# Problem to solve:
Every entry should be returned exactly. Omit none of them.

[Exercise data Boundary: Start]

section \<open>The periodized potential on the cube\<close>

text \<open>Lattice points all of whose coordinates lie in {-1,0,1}: for x, y in the cube only
  these translates of V contribute to the periodization of V at x - y.\<close>
definition near_cells :: "(real^'n) set" where
  "near_cells = {k \<in> lattice. \<forall>i. \<bar>k $ i\<bar> \<le> 1}"

lemma finite_near_cells: "finite (near_cells :: (real^'n) set)"
proof -
  have "(near_cells :: (real^'n) set) \<subseteq> (\<lambda>f. \<chi> i. f i) ` (UNIV \<rightarrow>\<^sub>E ({-1,0,1}::real set))"
  proof
    fix k :: "real^'n" assume k: "k \<in> near_cells"
    have "k $ i \<in> {-1,0,1}" for i
    proof -
      from k have "k $ i \<in> \<int>" "\<bar>k $ i\<bar> \<le> 1" by (auto simp: near_cells_def lattice_def)
      then obtain z :: int where z: "k $ i = of_int z" and "\<bar>real_of_int z\<bar> \<le> 1"
        by (auto elim: Ints_cases)
      then have "\<bar>z\<bar> \<le> 1" by (metis of_int_abs of_int_le_1_iff)
      then show ?thesis using z by auto
    qed
    then have "(\<lambda>i. k $ i) \<in> UNIV \<rightarrow>\<^sub>E ({-1,0,1}::real set)" by auto
    then show "k \<in> (\<lambda>f. \<chi> i. f i) ` (UNIV \<rightarrow>\<^sub>E ({-1,0,1}::real set))"
      by (intro image_eqI[where x="\<lambda>i. k $ i"]) auto
  qed
  moreover have "finite ((\<lambda>f. \<chi> i. f i) ` (UNIV \<rightarrow>\<^sub>E ({-1,0,1}::real set)) :: (real^'n) set)"
    by (intro finite_imageI finite_PiE) auto
  ultimately show ?thesis by (rule finite_subset)
qed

[Exercise data Boundary: End]

# Response area:
section \<open>The periodized potential on the cube\<close>

text \<open>Lattice points all of whose coordinates lie in {-1,0,1}: for x, y in the cube only
  these translates of V contribute to the periodization of V at x - y.\<close>
definition near_cells :: "(real^'n) set" where
  "near_cells = {k \<in> lattice. \<forall>i. \<bar>k $ i\<bar> \<le> 1}"

lemma finite_near_cells: "finite (near_cells :: (real^'n) set)"
proof -
  have "(near_cells :: (real^'n) set) \<subseteq> (\<lambda>f. \<chi> i. f i) ` (UNIV \<rightarrow>\<^sub>E ({-1,0,1}::real set))"
  proof
    fix k :: "real^'n" assume k: "k \<in> near_cells"
    have "k $ i \<in> {-1,0,1}" for i
    proof -
      from k have "k $ i \<in> \<int>" "\<bar>k $ i\<bar> \<le> 1" by (auto simp: near_cells_def lattice_def)
      then obtain z :: int where z: "k $ i = of_int z" and "\<bar>real_of_int z\<bar> \<le> 1"
        by (auto elim: Ints_cases)
      then have "\<bar>z\<bar> \<le> 1" by (metis of_int_abs of_int_le_1_iff)
      then show ?thesis using z by auto
    qed
    then have "(\<lambda>i. k $ i) \<in> UNIV \<rightarrow>\<^sub>E ({-1,0,1}::real set)" by auto
    then show "k \<in> (\<lambda>f. \<chi> i. f i) ` (UNIV \<rightarrow>\<^sub>E ({-1,0,1}::real set))"
      by (intro image_eqI[where x="\<lambda>i. k $ i"]) auto
  qed
  moreover have "finite ((\<lambda>f. \<chi> i. f i) ` (UNIV \<rightarrow>\<^sub>E ({-1,0,1}::real set)) :: (real^'n) set)"
    by (intro finite_imageI finite_PiE) auto
  ultimately show ?thesis by (rule finite_subset)
qed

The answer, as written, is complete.